If you’re in the computer science or computer engineering industry, news of this nature probably doesn’t affect you much. After all, the jobs being replaced are often entry-level, or those that require highly repetitive manual tasks. Computer science is a realm that would feasibly be in even higher demand with the advent of machine learning and AI. However, there are some important changes already developing thanks to the higher demand and higher excitement for these technologies.
How AI Startups and Companies Push for the “Sexy” Projects
For starters, AI and machine learning are hot topics in the realm of IT. Companies are clamoring for more machine learning solutions, even if they don’t fully understand them, pushing demand for new machine learning tools, scripts, and software to unprecedented new heights. For example, it’s estimated that by next year, roughly 20 percent of companies will have employees dedicated to monitoring and guiding neural networks, and more than 10 percent of new IT hires in customer service will be responsible for writing scripts for chatbots, one application of AI.
There are going to be several side effects of this push. First, novel projects that have the capacity to be even more impressive than conventional machine learning could be pushed aside, as our most talented engineers and computer scientists chase the positions that are offering the most money or the widest range of opportunities. This means the next truly original breakthroughs in computer science could be pushed back to make sure we explore this current trend to its fullest. Next, the demand for lower-level IT experts is going to shrink, making it harder to find entry-level positions, and virtually impossible to sustain a career indefinitely unless you have some kind of niche skillset.
AI’s Diversity Problems
We’re also facing increasing consequences from the lack of diversity in AI and machine learning fields. AI experts are overwhelmingly white and male, and the byproducts of an industry with an overwhelming majority are typically problematic, unaware of how other populations are affected by their work. For example, in the past, facial recognition technologies have had trouble recognizing people with darker skin tones, since these systems were developed by people who were mostly white.

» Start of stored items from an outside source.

(* Let $0<\delta<1$, $0<\varepsilon<1/7$, $2<\alpha<\min(\frac{2}{1-\delta},3)$ and $0<\rho<\min\!\left(\frac{1-\delta}{2},\frac{2-\alpha(1-\delta)}{4}\right)$ be constants, $p=n^{\delta-1}$, and $H$ a balanced graph on $m=n^{\rho}$ vertices with average degree $\alpha$; let $n$ be sufficiently large. Let $p(G)$ denote the probability of outputting the graph $G$ under $G(n,p)$ and $p_H(G)$ the probability of outputting $G$ under $G_H(n,p)$. Then for every constant $\beta\in[0,1)$, with probability at least $1-\frac{4\varepsilon}{(1-\beta)^2}$ over $G\sim G(n,p)$, $p_H(G)\ge\beta\,p(G)$.
   Context: A graph with average degree $\alpha$ is balanced if every induced subgraph has average degree at most $\alpha$. $G(n,p)$ is the Erdős–Rényi random graph on $[n]$. With $H$ on vertex set $[m]$ ($m$ dividing $n$), partition $[n]$ into parts $P_i=\{(i-1)\frac nm+1,\dots,i\frac nm\}$. Distribution $G_H(n,p)$: sample $G'\sim G(n,p)$, choose a uniformly random set $M=\{v_1,\dots,v_m\}$ with $v_i\in P_i$, and replace the induced subgraph $G'[M]$ by a copy of $H$ with vertex $i$ of $H$ placed at $v_i$. *)

theory Defs
  imports "HOL-Probability.Probability"
begin

text \<open>Simple graphs on vertex set {1..n} are represented by their edge sets:
  sets of 2-element subsets of {1..n}.\<close>

definition all_pairs :: "nat \<Rightarrow> nat set set" where
  "all_pairs n = {e. e \<subseteq> {1..n} \<and> card e = 2}"

definition is_graph :: "nat \<Rightarrow> nat set set \<Rightarrow> bool" where
  "is_graph n E \<longleftrightarrow> E \<subseteq> all_pairs n"

definition induced_avg_degree :: "nat set set \<Rightarrow> nat set \<Rightarrow> real" where
  "induced_avg_degree E S = 2 * real (card {e \<in> E. e \<subseteq> S}) / real (card S)"

definition avg_degree :: "nat \<Rightarrow> nat set set \<Rightarrow> real" where
  "avg_degree n E = induced_avg_degree E {1..n}"

definition balanced :: "nat \<Rightarrow> nat set set \<Rightarrow> bool" where
  "balanced m E \<longleftrightarrow> (\<forall>S. S \<subseteq> {1..m} \<and> S \<noteq> {} \<longrightarrow> induced_avg_degree E S \<le> avg_degree m E)"

definition gnp :: "nat \<Rightarrow> real \<Rightarrow> nat set set pmf" where
  "gnp n p = map_pmf (\<lambda>f. {e \<in> all_pairs n. f e})
                     (Pi_pmf (all_pairs n) False (\<lambda>_. bernoulli_pmf p))"

definition part :: "nat \<Rightarrow> nat \<Rightarrow> nat \<Rightarrow> nat set" where
  "part n m i = {(i - 1) * (n div m) + 1 .. i * (n div m)}"

definition plant :: "nat \<Rightarrow> nat set set \<Rightarrow> (nat \<Rightarrow> nat) \<Rightarrow> nat set set \<Rightarrow> nat set set" where
  "plant m H v G' = {e \<in> G'. \<not> e \<subseteq> v ` {1..m}} \<union> (image v) ` H"

definition gHnp :: "nat \<Rightarrow> real \<Rightarrow> nat \<Rightarrow> nat set set \<Rightarrow> nat set set pmf" where
  "gHnp n p m H =
     bind_pmf (gnp n p) (\<lambda>G'.
     bind_pmf (pmf_of_set (PiE {1..m} (part n m))) (\<lambda>v.
     return_pmf (plant m H v G')))"

end

theory Submission
  imports Defs
begin

(*
  Second-moment method. Since the pairs of G(n,p) are independent, overwriting the pairs inside
  v({1..m}) by the copy of H placed at v has the law of G(n,p) conditioned on the event E_v that
  these pairs carry exactly that copy. So G_H(n,p) is the uniform mixture of these conditionals,
  and p_H(G) = L(G) p(G) for the average L of the normalized indicators 1_{E_v} / P(E_v).
  Then E L = 1, and by Chebyshev it suffices to show E L^2 <= 1 + eps.

  E L^2 averages P(E_v and E_w) / (P(E_v) P(E_w)) over pairs of transversals v, w; this is at most
  the inverse probability of the prescribed pattern on the pairs common to both copies. If v and w
  share t vertices, balancedness of H allows at most alpha t / 2 common H-edges, and there are at
  most m t common pairs, so the ratio is at most y^t with y = p^(-alpha/2) (1-p)^(-m). Summing
  y^t over w factorizes over the m parts of size k = n/m, giving E L^2 <= ((y + k - 1) / k)^m
  <= exp (m^2 y / n), and m^2 y / n = O(n^(2 rho + (1 - delta) alpha / 2 - 1)) tends to 0.
*)

lemma power_ratio_le_exp:
  fixes k y :: real
  assumes "0 < k" "1 \<le> y"
  shows "((y + k - 1) / k) ^ m \<le> exp (real m * y / k)"
proof -
  have "(y + k - 1) / k \<le> exp (y / k)"
    using exp_ge_add_one_self[of "y / k"] assms by (simp add: field_simps)
  then have "((y + k - 1) / k) ^ m \<le> exp (y / k) ^ m"
    using assms by (intro power_mono) auto
  then show ?thesis
    by (simp add: exp_of_nat_mult[symmetric])
qed

lemma power_inverse_one_minus_le_two:
  fixes p :: real
  assumes "0 \<le> p" "p < 1" "real m * p \<le> 1 / 2"
  shows "(1 / (1 - p)) ^ m \<le> 2"
proof -
  have "1 / 2 \<le> (1 - p) ^ m"
    using Bernoulli_inequality[of "- p" m] assms by simp
  then show ?thesis
    using assms by (simp add: power_one_over field_simps)
qed

lemma eventually_powr_less:
  assumes "s < 0" "0 < b"
  shows "\<forall>\<^sub>F n in sequentially. real n powr s < b"
  using tendsto_neg_powr[OF assms(1) filterlim_real_sequentially] assms(2) by (rule order_tendstoD(2))

lemma sum_PiE_power_card_agree:
  fixes y :: real
  assumes I: "finite I" and B: "\<And>i. i \<in> I \<Longrightarrow> finite (B i)" and v: "v \<in> (\<Pi>\<^sub>E i\<in>I. B i)"
  shows "(\<Sum>w\<in>(\<Pi>\<^sub>E i\<in>I. B i). y ^ card {i \<in> I. v i = w i}) = (\<Prod>i\<in>I. y + real (card (B i)) - 1)"
proof -
  have "(\<Sum>w\<in>(\<Pi>\<^sub>E i\<in>I. B i). y ^ card {i \<in> I. v i = w i})
      = (\<Sum>w\<in>(\<Pi>\<^sub>E i\<in>I. B i). \<Prod>i\<in>I. if v i = w i then y else 1)"
    using I by (simp add: prod.If_cases Int_def)
  also have "\<dots> = (\<Prod>i\<in>I. \<Sum>x\<in>B i. if v i = x then y else 1)"
    using I B by (rule prod_sum_PiE[symmetric])
  also have "\<dots> = (\<Prod>i\<in>I. y + real (card (B i)) - 1)"
  proof (intro prod.cong refl)
    fix i assume "i \<in> I"
    then have "v i \<in> B i" "finite (B i)"
      using v B by auto
    moreover from this have "1 \<le> card (B i)"
      by (metis One_nat_def Suc_leI card_gt_0_iff empty_iff)
    ultimately show "(\<Sum>x\<in>B i. if v i = x then y else 1) = y + real (card (B i)) - 1"
      by (simp add: sum.If_cases Diff_eq[symmetric] card_Diff_singleton of_nat_diff)
  qed
  finally show ?thesis .
qed

section \<open>Mixtures of conditioned distributions\<close>

definition cond_mixture_density :: "'a pmf \<Rightarrow> ('b \<Rightarrow> 'a set) \<Rightarrow> 'b set \<Rightarrow> 'a \<Rightarrow> real" where
  "cond_mixture_density M E V x =
     (\<Sum>v\<in>V. indicator (E v) x / measure_pmf.prob M (E v)) / card V"

lemma pmf_bind_cond_pmf_of_set:
  assumes "finite V" "V \<noteq> {}" "\<And>v. v \<in> V \<Longrightarrow> set_pmf M \<inter> E v \<noteq> {}"
  shows "pmf (pmf_of_set V \<bind> (\<lambda>v. cond_pmf M (E v))) x = cond_mixture_density M E V x * pmf M x"
proof -
  have "pmf (pmf_of_set V \<bind> (\<lambda>v. cond_pmf M (E v))) x = (\<Sum>v\<in>V. pmf (cond_pmf M (E v)) x) / card V"
    using assms(2,1) by (rule pmf_bind_pmf_of_set)
  also have "\<dots> = (\<Sum>v\<in>V. indicator (E v) x / measure_pmf.prob M (E v) * pmf M x) / card V"
    using assms(3) by (intro sum.cong arg_cong2[where f="(/)"]) (auto simp: pmf_cond)
  finally show ?thesis
    by (simp add: cond_mixture_density_def sum_distrib_right)
qed

lemma expectation_cond_mixture_density:
  assumes "finite (set_pmf M)" "finite V" "V \<noteq> {}" "\<And>v. v \<in> V \<Longrightarrow> set_pmf M \<inter> E v \<noteq> {}"
  shows "measure_pmf.expectation M (cond_mixture_density M E V) = 1"
proof -
  have "measure_pmf.expectation M (cond_mixture_density M E V)
      = (\<Sum>v\<in>V. measure_pmf.prob M (E v) / measure_pmf.prob M (E v)) / card V"
    unfolding cond_mixture_density_def
    by (simp add: integrable_measure_pmf_finite[OF assms(1)] Bochner_Integration.integral_sum)
  also have "\<dots> = 1"
    using assms(2-4) by (simp add: measure_measure_pmf_not_zero)
  finally show ?thesis .
qed

lemma expectation_cond_mixture_density_sq:
  assumes "finite (set_pmf M)"
  shows "measure_pmf.expectation M (\<lambda>x. (cond_mixture_density M E V x)\<^sup>2)
      = (\<Sum>v\<in>V. \<Sum>w\<in>V. measure_pmf.prob M (E v \<inter> E w)
            / (measure_pmf.prob M (E v) * measure_pmf.prob M (E w))) / (card V)\<^sup>2"
proof -
  have sq: "(cond_mixture_density M E V x)\<^sup>2 = (\<Sum>v\<in>V. \<Sum>w\<in>V. indicator (E v \<inter> E w) x
            / (measure_pmf.prob M (E v) * measure_pmf.prob M (E w))) / (card V)\<^sup>2" for x
    by (simp add: cond_mixture_density_def power_divide power2_eq_square sum_product
        indicator_inter_arith)
  show ?thesis
    unfolding sq
    by (simp add: integrable_measure_pmf_finite[OF assms(1)] Bochner_Integration.integral_sum)
qed

lemma prob_ge_of_second_moment:
  fixes L :: "'a \<Rightarrow> real"
  assumes "finite (set_pmf M)" "measure_pmf.expectation M L = 1"
    "measure_pmf.expectation M (\<lambda>x. (L x)\<^sup>2) \<le> 1 + \<epsilon>" "\<beta> < 1"
  shows "1 - \<epsilon> / (1 - \<beta>)\<^sup>2 \<le> measure_pmf.prob M {x. \<beta> \<le> L x}"
proof -
  have int: "integrable M f" for f :: "'a \<Rightarrow> real"
    using assms(1) by (rule integrable_measure_pmf_finite)
  have variance: "measure_pmf.expectation M (\<lambda>x. (L x - 1)\<^sup>2) \<le> \<epsilon>"
    using assms(2,3) by (simp add: power2_diff int algebra_simps)
  have "measure_pmf.prob M {x. L x < \<beta>} \<le> measure_pmf.prob M {x\<in>space M. 1 - \<beta> \<le> \<bar>L x - 1\<bar>}"
    by (intro measure_pmf.finite_measure_mono) auto
  also have "\<dots> \<le> measure_pmf.expectation M (\<lambda>x. (L x - 1)\<^sup>2) / (1 - \<beta>)\<^sup>2"
    using assms(4) by (intro measure_pmf.second_moment_method) (auto simp: int)
  also have "\<dots> \<le> \<epsilon> / (1 - \<beta>)\<^sup>2"
    using variance by (simp add: divide_right_mono)
  finally have "measure_pmf.prob M {x. L x < \<beta>} \<le> \<epsilon> / (1 - \<beta>)\<^sup>2" .
  moreover have "{x. \<beta> \<le> L x} = UNIV - {x. L x < \<beta>}"
    by auto
  ultimately show ?thesis
    using measure_pmf.prob_compl[of "{x. L x < \<beta>}" M] by simp
qed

As interest in AI continues to grow, it’s going to show up in more places. AI will be giving you search results, choosing which news articles to show you, gatekeeping access to your important files and personal information, and possibly keeping you safe. And because the field will likely grow faster than the diversity problem can be solved, it’s going to introduce many new headaches—both for consumers and for computer engineers and scientists trying to stay ahead of those problems.
Why It’s Hard to See Where an Algorithm Goes Wrong
Machine learning and AI also introduce a new layer of complexity that makes certain problems harder to solve—and it’s not just because they’re more complex than previous forms of coding. For the most part, machine learning algorithms aren’t necessarily a set of instructions; instead, they’re designed as a vague learning process for a machine to follow. The machine collects data, usually millions of examples of whatever it’s studying, and gradually learns about the concept, whether it’s recognizing faces in images or learning how to play Super Mario Bros.
The problem with this is that while we can see the evidence of the machine getting closer and closer to achieving its goal (or even surpassing human-level skills), the developers can’t “see inside” the algorithm to determine which pieces of information led to a specific conclusion. In other words, it’s incredibly hard to diagnose, specifically, where an algorithm goes right or wrong.
As AI and machine learning become more common, this is going to become an increasingly complex problem for computer scientists and engineers to address, requiring more insight, higher level skills, and possibly, entire new approaches to developing AI in the first place.
The Automation of Automation
We also need to take seriously the possibility of one day automating the process of creating new machine learning or, in an Inception-like twist, new automation software. Such a multi-layered approach to computer science would open a new branch of study, and require the creation of entirely new ways to look at problems in the computer industry.
AI and machine learning aren’t merely passing fads, though there may be even more novel computing breakthroughs on the near horizon. As a computer scientist or engineer, it’s your responsibility to predict and adapt to the massive changes in store for the industry in the coming years, as machine learning and AI become even more in demand.